All of the foregoing activities are allowable under Government contracts.

The Government will sometimes try to classify these types of activities as "organization costs" which are generally unallowable (see FAR 31.205-27). Such a position is easily refuted if one knows about this cost principle.

An old ASBCA case illustrates one of the distinctions between allowable "other business expense" and unallowable organization costs. In ASBCA No. 14370, the board held that fees incurred by Boeing in connection with the conversion of its convertible debentures into common stock and a stock split to make its securities more marketable were allowable as other business expenses because the transaction did not raise any new capital and there was no change in Boeing's corporate structure.


Wednesday, August 1, 2012

Patent Costs - Miscellaneous Considerations

Today we are finishing up our discussion of patents, royalties, and related costs. Essentially, if patents are required by your contract, you can claim the costs. If you must go out and pay royalties to support your contract, you can claim the royalty costs as an expense.

Because patents and royalties are often contentious areas between contractors and the Government, FAR 31.109(h) lists royalties and other costs for use of patents as an example for which advance agreements may be particularly important. Advance agreements are used when the reasonableness, the allocability, and the allowability under the specific cost principles (i.e. FAR 31.205) are difficult to determine. To avoid possible subsequent disallowance or dispute, contractors and the Government are encouraged to seek an advance agreement on how such costs will be treated. This effectively takes the auditor our the the determination process.

FAR 31.205-47, costs related to legal and other proceedings, is also relevant to our discussion on patent/royalty costs. The cost of patent infringement litigation are unallowable (unless, of course, provided for in the contract). This means that the Government is happy to use your patents but it will not pay to help defend those patents. I guess the logic here is that there is no adverse consequence to the Government when someone violates a contractor's patent rights.
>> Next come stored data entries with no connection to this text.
(* Let $n\ge 3$, $m\ge 1$, and let $f=x_0^{a_0}x_1^{a_1}\cdots x_n^{a_n}x_{n+1}^{a_{n+1}}$ be a monomial. If $f\in I_{B_n}^{(m)}$, then $g=x_0^{t}x_1^{a_1}\cdots x_n^{a_n}x_{n+1}^{t}\in I_{B_n}^{(m)}$, where $t=\min\{a_0,a_{n+1}\}$.
   Context: Let $k$ be a field. $Q_n$ is the cycle graph on vertices $1,\dots,n$ (edges $\{i,i+1\}$ for $1\le i\le n-1$ and $\{n,1\}$). $B_n$ is the simplicial complex on $\{0,\dots,n+1\}$ with facets $\{0,i,j\}$ and $\{n+1,i,j\}$ for each edge $\{i,j\}$ of $Q_n$ (boundary of the bipyramid over $Q_n$), and $I_{B_n}\subset k[x_0,\dots,x_{n+1}]$ is its Stanley-Reisner ideal, generated by $\prod_{i\in\tau}x_i$ over non-faces $\tau$ of $B_n$. For a homogeneous ideal $I$ of $R$, $I^{(m)}=R\cap\bigcap_{P\in\mathrm{Ass}(I)}I^mR_P$. *)

theory Defs
  imports Main "HOL-Library.Poly_Mapping"
begin

text \<open>Polynomials in variables x_0, x_1, ... over 'k: monomials are exponent vectors
  (nat to nat, finitely supported), polynomials are finitely supported coefficient functions on them.\<close>

type_synonym 'k mpoly = "(nat \<Rightarrow>\<^sub>0 nat) \<Rightarrow>\<^sub>0 'k"

definition Var :: "nat \<Rightarrow> 'k::comm_ring_1 mpoly" where
  "Var i = Poly_Mapping.single (Poly_Mapping.single i 1) 1"

definition polyring :: "nat \<Rightarrow> 'k::comm_ring_1 mpoly set" where
  "polyring N = {p :: 'k mpoly. \<forall>mon \<in> Poly_Mapping.keys p. \<forall>i \<in> Poly_Mapping.keys mon. i \<le> N}"
(* Let $\sigma$ be a two-qubit density matrix, $U$ a single-qubit unitary, and $R>0$, $T>0$. Consider the following test round. The client chooses $d\in\{0,1\}$, $\theta\in\Theta$ and $r\in\{0,1\}$ uniformly and independently. A dummy qubit in state $|d\rangle$ and a trap qubit in state $|+_\theta\rangle$ are each transmitted to the server through the rotated teleportation channel $\Lambda_{\sigma,U}$ (each using its own copy of $\sigma$). The entangled states are delivered at random times whose inter-delivery times are independent and identically distributed; let $\Delta t$ be the time between the delivery of the two qubits, with $\mathbb{E}[\Delta t]=1/R$, and $\Delta t$ independent of $(d,\theta,r)$. The qubit delivered first (either one) is stored during time $\Delta t$ in a depolarizing memory with coherence time $T$, i.e. it undergoes $\rho\mapsto p\rho+(1-p)\mathbf 1/2$ with $p=e^{-\Delta t/T}$. All local operations are noiseless and instantaneous. The server then applies a controlled-$Z$ gate to the two qubits and measures the trap qubit in the basis $\{|+_\delta\rangle,|-_\delta\rangle\}$ with $\delta=\theta+r\pi$ (outcome $0$ for $|+_\delta\rangle$, $1$ for $|-_\delta\rangle$); the round fails if the outcome differs from $d\oplus r$. Let $q$ be the expected failure probability (averaged over $d,\theta,r,\Delta t$ and the measurement). Define $$\bar F_{\mathrm{dummy}}=\tfrac12\big(\langle 0|\Lambda_{\sigma,U}(|0\rangle\langle0|)|0\rangle+\langle 1|\Lambda_{\sigma,U}(|1\rangle\langle1|)|1\rangle\big),\qquad \bar F_{\mathrm{trap}}=\tfrac18\sum_{\theta\in\Theta}\langle+_\theta|\Lambda_{\sigma,U}(|+_\theta\rangle\langle+_\theta|)|+_\theta\rangle.$$ If $\bar F_{\mathrm{dummy}}(1-\bar F_{\mathrm{trap}})+\bar F_{\mathrm{trap}}(1-\bar F_{\mathrm{dummy}})\le\frac12$, then $$q\le e^{-\frac{1}{RT}}\Big[\bar F_{\mathrm{dummy}}(1-\bar F_{\mathrm{trap}})+\bar F_{\mathrm{trap}}(1-\bar F_{\mathrm{dummy}})\Big]+\tfrac12\big(1-e^{-\frac{1}{RT}}\big).$$
   Context: $\Theta=\{i\pi/4\}_{0\le i\le7}$ and $|\pm_\theta\rangle=\frac1{\sqrt2}(|0\rangle\pm e^{i\theta}|1\rangle)$. Let $|\Phi^+\rangle=\frac1{\sqrt2}(|00\rangle+|11\rangle)$ and $|\Phi_{ij}\rangle=(X^iZ^j\otimes\mathbf 1)|\Phi^+\rangle$ for $i,j\in\{0,1\}$. For a two-qubit state $\sigma$ on registers $S$ (sender) and $R$ (receiver), the teleportation channel is the single-qubit channel $\Lambda_\sigma(\rho)=\sum_{i,j\in\{0,1\}}X^iZ^j\,\langle\Phi_{ij}|_{IS}(\rho_I\otimes\sigma_{SR})|\Phi_{ij}\rangle_{IS}\,(X^iZ^j)^\dagger$ (Bell measurement on the input register $I$ and $S$, followed by Pauli correction on $R$). For a single-qubit unitary $U$, the rotated teleportation channel is $\Lambda_{\sigma,U}(\rho)=U^\dagger\Lambda_\sigma(U\rho U^\dagger)U$. *)

theory Defs
  imports "HOL-Probability.Probability"
begin

text \<open>A qubit is indexed by bool (False = |0>, True = |1>); two-qubit objects
  are indexed by bool \<times> bool (first component = first tensor factor).\<close>

type_synonym 'i qvec = "'i \<Rightarrow> complex"
type_synonym 'i qop = "'i \<Rightarrow> 'i \<Rightarrow> complex"

definition mmul :: "('i::finite) qop \<Rightarrow> 'i qop \<Rightarrow> 'i qop" where
  "mmul A B = (\<lambda>i j. \<Sum>k\<in>UNIV. A i k * B k j)"

definition adj :: "'i qop \<Rightarrow> 'i qop" where
  "adj A = (\<lambda>i j. cnj (A j i))"

definition idop :: "'i qop" where
  "idop = (\<lambda>i j. if i = j then 1 else 0)"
The final aspect of this subject we want to highlight is the requirement to document your costs. Many costs related to patents fall under the broad category of professional and consultant service costs (FAR 31.205-33). That cost principle requires specific documentation to support the allowability; consulting agreement, invoice, and work product (or evidence of services rendered). Be sure that when you claim costs associated with patents, you also maintain the basic documentation required by this cost principle.